▶ [DESCRIPTION OF THE TASK]
In the records below, find the line with "unfolding w_def by (rule pochhammer_rGamma[symmetric])" and the line with "section \<open>Euler's transformation\<close>"; return exactly those lines and every line between them.

(Entries taken from a collection)
►
(* Let $A\in\mathbb{C}^{2n\times 2n}$ be a normal perskew-Hermitian matrix all of whose eigenvalues have nonzero real parts. Then there exist a unitary perplectic matrix $U\in\mathbb{C}^{2n\times 2n}$ and a diagonal matrix $D\in\mathbb{C}^{n\times n}$ such that $$A=U\begin{bmatrix} D & 0\\ 0 & -F_nD^HF_n\end{bmatrix}U^H .$$
   Context: For $m\ge1$, $F_m\in\mathbb{R}^{m\times m}$ denotes the flip (exchange) matrix with ones on the antidiagonal and zeros elsewhere. A matrix $A\in\mathbb{C}^{2n\times 2n}$ is per-Hermitian if $(F_{2n}A)^H=F_{2n}A$ and perskew-Hermitian if $(F_{2n}A)^H=-F_{2n}A$. A matrix $Z\in\mathbb{C}^{2n\times 2n}$ is perplectic if $Z^HF_{2n}Z=F_{2n}$; "unitary perplectic" means both unitary and perplectic. *)

theory Defs
  imports "Jordan_Normal_Form.Schur_Decomposition" "Jordan_Normal_Form.Char_Poly"
begin

definition flip_mat :: "nat \<Rightarrow> complex mat" where
  "flip_mat m = mat m m (\<lambda>(i,j). if i + j + 1 = m then 1 else 0)"

definition perskew_hermitian :: "nat \<Rightarrow> complex mat \<Rightarrow> bool" where
  "perskew_hermitian n A \<longleftrightarrow>
     A \<in> carrier_mat (2*n) (2*n) \<and>
     mat_adjoint (flip_mat (2*n) * A) = - (flip_mat (2*n) * A)"

definition normal_mat :: "complex mat \<Rightarrow> bool" where
  "normal_mat A \<longleftrightarrow> A * mat_adjoint A = mat_adjoint A * A"

definition unitary_mat :: "nat \<Rightarrow> complex mat \<Rightarrow> bool" where
  "unitary_mat m U \<longleftrightarrow> U \<in> carrier_mat m m \<and>
     U * mat_adjoint U = 1\<^sub>m m \<and> mat_adjoint U * U = 1\<^sub>m m"

definition perplectic :: "nat \<Rightarrow> complex mat \<Rightarrow> bool" where
  "perplectic n Z \<longleftrightarrow> Z \<in> carrier_mat (2*n) (2*n) \<and>
     mat_adjoint Z * flip_mat (2*n) * Z = flip_mat (2*n)"

end

theory Submission
  imports Defs "Jordan_Normal_Form.Spectral_Radius"
begin

text \<open>
  A Schur decomposition \<open>A = Q T Q\<^sup>H\<close> can be chosen with the eigenvalues of positive real part
  first, and normality makes \<open>T\<close> diagonal. Transporting the perskew symmetry gives
  \<open>M T = - T\<^sup>H M\<close> for the Hermitian unitary matrix \<open>M = Q\<^sup>H F\<^sub>2\<^sub>n Q\<close>, so
  \<open>M\<^sub>i\<^sub>j (t\<^sub>j + conj t\<^sub>i) = 0\<close>. As no \<open>t\<^sub>i\<close> is purely imaginary, \<open>M\<close> vanishes
  on the two diagonal blocks; comparing row and column norms of the unitary \<open>M\<close> shows that both
  blocks have size \<open>n\<close>, so \<open>M = [0, B; B\<^sup>H, 0]\<close> with \<open>B\<close> unitary and
  \<open>B D\<^sub>2 = - D\<^sub>1\<^sup>H B\<close>. Finally \<open>U = Q \<cdot> diag(I, B\<^sup>H F\<^sub>n)\<close> is perplectic and
  brings \<open>A\<close> to the required form \<open>diag(D\<^sub>1, - F\<^sub>n D\<^sub>1\<^sup>H F\<^sub>n)\<close>.
\<close>

lemma mat_adjoint_alt:
  "mat_adjoint (A::complex mat) = mat (dim_col A) (dim_row A) (\<lambda>(i,j). cnj (A $$ (j,i)))"
  unfolding mat_adjoint_def by (rule eq_matI) (auto simp: mat_of_rows_def)

lemma dim_mat_adjoint [simp]:
  "dim_row (mat_adjoint (A::complex mat)) = dim_col A"
  "dim_col (mat_adjoint (A::complex mat)) = dim_row A"
  by (auto simp: mat_adjoint_alt)

lemma mat_adjoint_carrier [simp]:
  "(A::complex mat) \<in> carrier_mat n m \<Longrightarrow> mat_adjoint A \<in> carrier_mat m n"
  by (auto simp: mat_adjoint_alt)

lemma index_mat_adjoint [simp]:
  "i < dim_col A \<Longrightarrow> j < dim_row A \<Longrightarrow> mat_adjoint (A::complex mat) $$ (i,j) = cnj (A $$ (j,i))"
  by (auto simp: mat_adjoint_alt)
lemma is_OP_unique:
  assumes "is_OP a n p" "is_OP a n p'"
  shows "p = p'"
proof (rule ccontr)
  assume "p \<noteq> p'"
  have "coeff p n = 1"
    using assms by (auto simp: is_OP_def)
  moreover obtain r where "p = smult (coeff p n) p' + r" "r = 0 \<or> degree r < n"
    by (rule monic_division_step[of p' n p]) (use assms in \<open>auto simp: is_OP_def\<close>)
  ultimately have "degree (p - p') < n"
    using \<open>p \<noteq> p'\<close> by auto
  then have "wint a ((p - p') * (p - p')) = 0"
    using assms unfolding is_OP_def by (simp add: left_diff_distrib wint_diff)
  with wint_square_pos[of "p - p'" a] \<open>p \<noteq> p'\<close> show False by simp
qed

lemma is_OP_OP_if_exists: "is_OP a n p \<Longrightarrow> is_OP a n (OP a n)"
  unfolding OP_eq_The_is_OP by (rule theI) (auto intro: is_OP_unique)

text \<open>Gram--Schmidt: subtract from \<open>x^n\<close> its projections onto \<open>P(0), \<dots>, P(n-1)\<close>.\<close>

lemma is_OP_exists: "\<exists>p. is_OP a n p"
proof (induction n rule: less_induct)
  case (less n)
  define P where "P = OP a"
  have P: "degree (P k) = k \<and> lead_coeff (P k) = 1"
      and P_orth: "degree q < k \<Longrightarrow> wint a (P k * q) = 0" if "k < n" for k q
    using is_OP_OP_if_exists less[OF that] unfolding P_def is_OP_def by blast+
  have P_orthogonal: "wint a (P k * P j) = 0" if "k < n" "j < n" "k \<noteq> j" for k j
  proof (cases "j < k")
    case True
    then show ?thesis using that P[of j] P_orth[of k "P j"] by simp
  next
    case False
    then show ?thesis using that P[of k] P_orth[of j "P k"] by (simp add: mult.commute)
  qed
  define c where "c k = wint a (monom 1 n * P k) / wint a (P k * P k)" for k
  define S where "S = (\<Sum>k<n. smult (c k) (P k))"
  define p where "p = monom 1 n - S"
  have "degree S < n \<or> S = 0"
  proof (cases n)
    case (Suc m)
    then have "degree S \<le> m"
      unfolding S_def using P by (intro degree_sum_le) (auto intro: order_trans[OF degree_smult_le])
    then show ?thesis using Suc by simp
  qed (simp add: S_def)
  then have "degree p \<le> n" "coeff p n = 1"
    unfolding p_def by (auto simp: degree_monom_eq coeff_eq_0 intro: degree_diff_le)
  then have "degree p = n" "lead_coeff p = 1"
    using le_degree[of p n] by auto
  moreover have "wint a (p * P j) = 0" if "j < n" for j
  proof -
    have "wint a (P j * P j) > 0"
      using P[OF that] by (intro wint_square_pos) auto
    moreover have "(\<Sum>k<n. c k * wint a (P k * P j)) = c j * wint a (P j * P j)"
      using that P_orthogonal by (subst sum.remove[of _ j]) (auto intro!: sum.neutral)
    ultimately show ?thesis
      unfolding p_def S_def c_def
      by (simp add: left_diff_distrib wint_diff sum_distrib_right wint_sum wint_smult)
  qed
  ultimately have "is_OP a n p"
    unfolding is_OP_def using P wint_orth_lower_degrees[of n P a p] by blast
  then show ?case ..
qed

lemma is_OP_OP: "is_OP a n (OP a n)"
  using is_OP_exists is_OP_OP_if_exists by blast

lemma OP_unique: "is_OP a n p \<Longrightarrow> OP a n = p"
  using is_OP_OP is_OP_unique by blast

lemma degree_OP [simp]: "degree (OP a n) = n"
  and coeff_OP_degree [simp]: "coeff (OP a n) n = 1"
  and wint_OP_orth: "degree q < n \<Longrightarrow> wint a (OP a n * q) = 0"
  using is_OP_OP[of a n] unfolding is_OP_def by auto

lemma hn_eq_wint: "hn a n = wint a (OP a n * OP a n)"
  by (simp add: hn_def wint_def power2_eq_square)

lemma hn_pos: "hn a n > 0"
  unfolding hn_eq_wint by (rule wint_square_pos) (metis coeff_OP_degree coeff_0 zero_neq_one)
lemma ray_sgn_tendsto:
  assumes "(g has_derivative G) (at x)" "g x = 0" "G v \<noteq> 0"
  shows "\<forall>\<^sub>F \<tau> in at_right 0. g (x + \<tau> *\<^sub>R v) \<noteq> 0"
    and "((\<lambda>\<tau>. sgn (g (x + \<tau> *\<^sub>R v))) \<longlongrightarrow> sgn (G v)) (at_right 0)"
proof -
  have quotient: "((\<lambda>\<tau>. g (x + \<tau> *\<^sub>R v) /\<^sub>R \<tau>) \<longlongrightarrow> G v) (at_right 0)"
    using ray_difference_quotient_tendsto[OF assms(1), of v] assms(2) by simp
  have "\<forall>\<^sub>F \<tau> in at_right 0. g (x + \<tau> *\<^sub>R v) /\<^sub>R \<tau> \<noteq> 0"
    using tendsto_imp_eventually_ne[OF quotient assms(3)] .
  then show "\<forall>\<^sub>F \<tau> in at_right 0. g (x + \<tau> *\<^sub>R v) \<noteq> 0"
    by (auto elim: eventually_mono)
  have "\<forall>\<^sub>F \<tau> in at_right 0. sgn (g (x + \<tau> *\<^sub>R v) /\<^sub>R \<tau>) = sgn (g (x + \<tau> *\<^sub>R v))"
    using eventually_at_right_less[of 0] by eventually_elim (simp add: sgn_scaleR)
  with tendsto_sgn[OF quotient assms(3)]
  show "((\<lambda>\<tau>. sgn (g (x + \<tau> *\<^sub>R v))) \<longlongrightarrow> sgn (G v)) (at_right 0)"
    by (rule Lim_transform_eventually)
qed

lemma quadratic_identity_along_entering_ray:
  fixes g :: "'a::euclidean_space \<Rightarrow> 'a"
  assumes "open U" "x \<in> U"
    and g': "\<And>y. y \<in> U \<Longrightarrow> (g has_derivative H y) (at y)"
    and H: "\<And>w. continuous_on U (\<lambda>y. H y w)"
    and equation: "\<And>y. y \<in> \<Omega> \<Longrightarrow> g y \<noteq> 0 \<Longrightarrow> sgn (g y) \<bullet> H y (sgn (g y)) = trace_map (H y) + 1"
    and critical: "g x = 0"
    and ray: "\<forall>\<^sub>F \<tau> in at_right 0. x + \<tau> *\<^sub>R v \<in> \<Omega>"
  shows "H x v \<bullet> H x (H x v) = (trace_map (H x) + 1) * (H x v \<bullet> H x v)"
proof (cases "H x v = 0")
  case True
  then show ?thesis by simp
next
  case False
  define y where "y \<tau> = x + \<tau> *\<^sub>R v" for \<tau>
  define e where "e = sgn (H x v)"
  have linear: "linear (H z)" if "z \<in> U" for z
    using g'[OF that] by (rule has_derivative_linear)
  have y_U: "\<forall>\<^sub>F \<tau> in at_right 0. y \<tau> \<in> U"
    unfolding y_def using eventually_ray_in_open[OF assms(1,2)] .
  note nonzero = ray_sgn_tendsto(1)[OF g'[OF assms(2)] critical False, folded y_def]
  note n = ray_sgn_tendsto(2)[OF g'[OF assms(2)] critical False, folded y_def e_def]
  have "(y \<longlongrightarrow> x) (at_right 0)"
    unfolding y_def by (intro tendsto_eq_intros) auto
  then have H_y: "((\<lambda>\<tau>. H (y \<tau>) w) \<longlongrightarrow> H x w) (at_right 0)" for w
    using continuous_on_tendsto_compose[OF H _ assms(2) y_U] by blast
  have "((\<lambda>\<tau>. H (y \<tau>) (sgn (g (y \<tau>)))) \<longlongrightarrow> H x e) (at_right 0)"
  proof (rule linear_family_apply_tendsto[where T="\<lambda>\<tau>. H (y \<tau>)" and z="\<lambda>\<tau>. sgn (g (y \<tau>))" and A="H x"])
    show "\<forall>\<^sub>F \<tau> in at_right 0. linear (H (y \<tau>))"
      using y_U by (rule eventually_mono) (rule linear)
    show "\<forall>\<^sub>F \<tau> in at_right 0. norm (sgn (g (y \<tau>))) \<le> 1"
      by (simp add: norm_sgn)
  qed (use linear[OF assms(2)] H_y n in auto)
  then have "((\<lambda>\<tau>. sgn (g (y \<tau>)) \<bullet> H (y \<tau>) (sgn (g (y \<tau>)))) \<longlongrightarrow> e \<bullet> H x e) (at_right 0)"
    using n by (intro tendsto_intros)
  moreover have "\<forall>\<^sub>F \<tau> in at_right 0. sgn (g (y \<tau>)) \<bullet> H (y \<tau>) (sgn (g (y \<tau>))) = trace_map (H (y \<tau>)) + 1"
    using ray nonzero by eventually_elim (simp add: y_def equation)
  ultimately have "((\<lambda>\<tau>. trace_map (H (y \<tau>)) + 1) \<longlongrightarrow> e \<bullet> H x e) (at_right 0)"
    by (rule Lim_transform_eventually)
  moreover have "((\<lambda>\<tau>. trace_map (H (y \<tau>)) + 1) \<longlongrightarrow> trace_map (H x) + 1) (at_right 0)"
    unfolding trace_map_def by (intro tendsto_intros H_y)
  ultimately have "e \<bullet> H x e = trace_map (H x) + 1"
    by (rule tendsto_unique[OF trivial_limit_at_right_real])
  moreover have "e \<bullet> H x e = (H x v \<bullet> H x (H x v)) / (H x v \<bullet> H x v)"
    using linear_scale[OF linear[OF assms(2)]]
    by (simp add: e_def sgn_div_norm dot_square_norm power2_eq_square divide_inverse_commute)
  ultimately show ?thesis
    using False by (simp add: field_simps)
qed
lemma Gamma_times_rgauss_tendsto_1:
  assumes "filterlim (\<lambda>K. Re (y K)) at_top sequentially"
  shows "(\<lambda>K. Gamma (y K) * rgauss a b (y K)) \<longlonglongrightarrow> 1"
proof -
  have "eventually (\<lambda>K. 0 < Re (y K)) sequentially"
    using assms by (simp add: filterlim_at_top_dense)
  then have "eventually (\<lambda>K. gauss a b (y K) = Gamma (y K) * rgauss a b (y K)) sequentially"
    by eventually_elim
      (simp add: rgauss_eq_rGamma_gauss not_nonpos_Ints_if_Re_pos rGamma_inverse_Gamma Gamma_eq_zero_iff)
  with gauss_tendsto_1[OF assms] show ?thesis
    by (rule Lim_transform_eventually)
qed

lemma Gamma_times_bailey_tendsto_1:
  "(\<lambda>K. Gamma (x + of_nat K * 2) * bailey s (x + of_nat K * 2)) \<longlonglongrightarrow> 1"
proof -
  let ?y = "\<lambda>K. x + of_nat K * 2"
  have "(\<lambda>K. Gamma (x / 2 + of_nat K) * Gamma ((x + 1) / 2 + of_nat K)
            * rGamma ((x + 1 - s) / 2 + of_nat K) * rGamma ((x + s) / 2 + of_nat K)) \<longlonglongrightarrow> 1"
    by (rule Gamma_quotient_LIMSEQ) (simp add: field_simps)
  moreover have "eventually (\<lambda>K. 0 < Re (?y K)) sequentially"
    using filterlim_Re_add_of_nat_times_2 by (simp add: filterlim_at_top_dense)
  then have "eventually (\<lambda>K. Gamma (x / 2 + of_nat K) * Gamma ((x + 1) / 2 + of_nat K)
                              * rGamma ((x + 1 - s) / 2 + of_nat K) * rGamma ((x + s) / 2 + of_nat K)
                            = Gamma (?y K) * bailey s (?y K)) sequentially"
  proof eventually_elim
    case (elim K)
    then have y: "?y K \<notin> \<int>\<^sub>\<le>\<^sub>0"
      by (rule not_nonpos_Ints_if_Re_pos)
    then have "Gamma (?y K) \<noteq> 0"
      by (simp add: Gamma_eq_zero_iff)
    have args: "?y K / 2 = x / 2 + of_nat K" "(?y K + 1) / 2 = (x + 1) / 2 + of_nat K"
      "(?y K + 1 - s) / 2 = (x + 1 - s) / 2 + of_nat K" "(?y K + s) / 2 = (x + s) / 2 + of_nat K"
      by (simp_all add: field_simps)
    show ?case
      unfolding bailey_def Gamma_duplication_rGamma[OF y] args
      using \<open>Gamma (?y K) \<noteq> 0\<close> by (simp add: rGamma_inverse_Gamma field_simps)
  qed
  ultimately show ?thesis
    by (rule Lim_transform_eventually)
qed

lemma rgauss_bailey: "rgauss s (1 - s) x = bailey s x"
proof -
  let ?y = "\<lambda>K. x + of_nat K * 2"
  define P where "P K = (\<Prod>k<K. (?y k + 1 - s) * (?y k + s))" for K
  have rgauss_iter: "rgauss s (1 - s) x = P K * rgauss s (1 - s) (?y K)" for K
    unfolding P_def
    by (rule iterate_recurrence)
      (use rgauss_contiguous_c[of s "1 - s" "z + 1" for z] in \<open>simp add: algebra_simps\<close>)
  have bailey_iter: "bailey s x = P K * bailey s (?y K)" for K
    unfolding P_def by (rule iterate_recurrence) (rule bailey_rec)
  have diff: "(rgauss s (1 - s) x - bailey s x) * (Gamma (?y K) * bailey s (?y K))
          = bailey s x * (Gamma (?y K) * rgauss s (1 - s) (?y K) - Gamma (?y K) * bailey s (?y K))" for K
    unfolding rgauss_iter[of K] bailey_iter[of K] by (simp add: algebra_simps)
  have "(\<lambda>K. (rgauss s (1 - s) x - bailey s x) * (Gamma (?y K) * bailey s (?y K)))
          \<longlonglongrightarrow> bailey s x * (1 - 1)"
    unfolding diff by (intro tendsto_intros Gamma_times_rgauss_tendsto_1 Gamma_times_bailey_tendsto_1
        filterlim_Re_add_of_nat_times_2)
  moreover have "(\<lambda>K. (rgauss s (1 - s) x - bailey s x) * (Gamma (?y K) * bailey s (?y K)))
                   \<longlonglongrightarrow> (rgauss s (1 - s) x - bailey s x) * 1"
    by (intro tendsto_intros Gamma_times_bailey_tendsto_1)
  ultimately have "bailey s x * (1 - 1) = (rgauss s (1 - s) x - bailey s x) * 1"
    by (rule LIMSEQ_unique)
  then show ?thesis
    by simp
qed

lemma rgauss_bailey_shift_a:
  "pochhammer s i * rgauss (s + of_nat i) (1 - s) c
     = (\<Sum>r\<le>i. of_nat (i choose r) * ((-1) ^ r * pochhammer (c - s - of_nat i) r * bailey s (c - of_nat i + of_nat r)))"
proof (induction i arbitrary: c)
  case 0
  show ?case
    by (simp add: rgauss_bailey)
next
  case (Suc i)
  define g where
    "g r = (-1) ^ r * pochhammer (c - s - of_nat (Suc i)) r * bailey s (c - of_nat (Suc i) + of_nat r)" for r
  have "pochhammer s (Suc i) * rgauss (s + of_nat (Suc i)) (1 - s) c
          = pochhammer s i * ((s + of_nat i) * rgauss (s + of_nat i + 1) (1 - s) c)"
    by (simp add: pochhammer_Suc add_ac mult_ac)
  also have "\<dots> = pochhammer s i * rgauss (s + of_nat i) (1 - s) (c - 1)
                    - (c - s - of_nat i - 1) * (pochhammer s i * rgauss (s + of_nat i) (1 - s) c)"
    unfolding rgauss_contiguous_a by (simp add: algebra_simps)
  also have "\<dots> = (\<Sum>r\<le>i. of_nat (i choose r) * g r) + (\<Sum>r\<le>i. of_nat (i choose r) * g (Suc r))"
  proof -
    have "pochhammer s i * rgauss (s + of_nat i) (1 - s) (c - 1) = (\<Sum>r\<le>i. of_nat (i choose r) * g r)"
      unfolding Suc.IH g_def by (simp add: algebra_simps)
    moreover have "- (c - s - of_nat i - 1) * (pochhammer s i * rgauss (s + of_nat i) (1 - s) c)
                     = (\<Sum>r\<le>i. of_nat (i choose r) * g (Suc r))"
      unfolding Suc.IH g_def sum_distrib_left
      by (intro sum.cong refl) (simp add: pochhammer_rec algebra_simps)
    ultimately show ?thesis
      by (simp add: algebra_simps)
  qed
  also have "\<dots> = (\<Sum>r\<le>Suc i. of_nat (Suc i choose r) * g r)"
    by (rule sum_choose_Suc_split[symmetric])
  finally show ?case
    by (simp add: g_def)
qed

lemma rgauss_bailey_shift_b:
  "2 ^ j * rgauss a (1 - a - of_nat j) c
     = (\<Sum>r\<le>j. of_nat (j choose r) * (pochhammer (c - a) r * bailey a (c + of_nat r)))"
proof (induction j arbitrary: c)
  case 0
  show ?case
    by (simp add: rgauss_bailey)
next
  case (Suc j)
  define g where "g r = pochhammer (c - a) r * bailey a (c + of_nat r)" for r
  have "2 ^ Suc j * rgauss a (1 - a - of_nat (Suc j)) c = 2 ^ j * (2 * rgauss a (1 - a - of_nat j - 1) c)"
    by (simp add: algebra_simps)
  also have "\<dots> = 2 ^ j * rgauss a (1 - a - of_nat j) c + (c - a) * (2 ^ j * rgauss a (1 - a - of_nat j) (c + 1))"
    by (simp only: rgauss_contiguous_b) (simp add: algebra_simps)
  also have "\<dots> = (\<Sum>r\<le>j. of_nat (j choose r) * g r) + (\<Sum>r\<le>j. of_nat (j choose r) * g (Suc r))"
    unfolding Suc.IH g_def sum_distrib_left
    by (simp add: pochhammer_rec algebra_simps)
  also have "\<dots> = (\<Sum>r\<le>Suc j. of_nat (Suc j choose r) * g r)"
    by (rule sum_choose_Suc_split[symmetric])
  finally show ?case
    by (simp add: g_def)
qed

lemma pochhammer_bailey:
  assumes "D \<notin> \<int>\<^sub>\<le>\<^sub>0"
  shows "pochhammer D r * bailey s (D + s + of_nat r)
           = 2 powr (- s) * rGamma D * (Gamma ((D + of_nat r) / 2) * rGamma ((D + 2 * s + of_nat r) / 2))"
proof -
  define w where "w = D + of_nat r"
  have w: "w \<notin> \<int>\<^sub>\<le>\<^sub>0"
    unfolding w_def by (rule not_nonpos_Ints_add_of_nat[OF assms])
  have "Gamma ((w + 1) / 2) * rGamma ((w + 1) / 2) = 1"
    using not_nonpos_Ints_half(2)[OF w] by (simp add: rGamma_inverse_Gamma Gamma_eq_zero_iff)
  moreover have "pochhammer D r * rGamma w = rGamma D"
    unfolding w_def by (rule pochhammer_rGamma[symmetric])
  moreover have "bailey s (D + s + of_nat r)
      = 2 powr (- s) * (of_real (sqrt pi) * 2 powr (1 - w)) * rGamma ((w + 1) / 2) * rGamma ((D + 2 * s + of_nat r) / 2)"
  proof -
    have "(2::complex) powr (1 - (D + s + of_nat r)) = 2 powr (- s) * 2 powr (1 - w)"
      unfolding w_def powr_add[symmetric] by (simp add: algebra_simps)
    moreover have "(D + s + of_nat r + 1 - s) / 2 = (w + 1) / 2"
      and "(D + s + of_nat r + s) / 2 = (D + 2 * s + of_nat r) / 2"
      unfolding w_def by (simp_all add: algebra_simps)
    ultimately show ?thesis
      unfolding bailey_def by (simp only: mult_ac)
  qed
  ultimately show ?thesis
    unfolding Gamma_duplication_rGamma[OF w] w_def[symmetric] by (simp add: mult_ac)
qed

section \<open>Euler's transformation\<close>

lemma wz_certificate_identity:
  fixes A B C e m n E0 E1 X :: complex
  assumes "C = A + B + e" and "E1 * (m + 1) = E0 * (e + m)" and "m + 1 \<noteq> 0"
  shows "(m + n + 1) * (m + n + C) * E1 * X - (m + n + C - A) * (m + n + C - B) * E0 * X
           = - (E0 * X * ((A + n) * (B + n))) + E1 * X * (n * (C + n - 1))"
proof -
  have "((m + n + 1) * (m + n + C) * E1 * X - (m + n + C - A) * (m + n + C - B) * E0 * X) * (m + 1)
          = (- (E0 * X * ((A + n) * (B + n))) + E1 * X * (n * (C + n - 1))) * (m + 1)"
    using assms(1,2) by algebra
  with assms(3) show ?thesis
    by simp
qed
◄
▶ [ANSWER TO THIS EXERCISE]
    unfolding w_def by (rule pochhammer_rGamma[symmetric])
  moreover have "bailey s (D + s + of_nat r)
      = 2 powr (- s) * (of_real (sqrt pi) * 2 powr (1 - w)) * rGamma ((w + 1) / 2) * rGamma ((D + 2 * s + of_nat r) / 2)"
  proof -
    have "(2::complex) powr (1 - (D + s + of_nat r)) = 2 powr (- s) * 2 powr (1 - w)"
      unfolding w_def powr_add[symmetric] by (simp add: algebra_simps)
    moreover have "(D + s + of_nat r + 1 - s) / 2 = (w + 1) / 2"
      and "(D + s + of_nat r + s) / 2 = (D + 2 * s + of_nat r) / 2"
      unfolding w_def by (simp_all add: algebra_simps)
    ultimately show ?thesis
      unfolding bailey_def by (simp only: mult_ac)
  qed
  ultimately show ?thesis
    unfolding Gamma_duplication_rGamma[OF w] w_def[symmetric] by (simp add: mult_ac)
qed

section \<open>Euler's transformation\<close>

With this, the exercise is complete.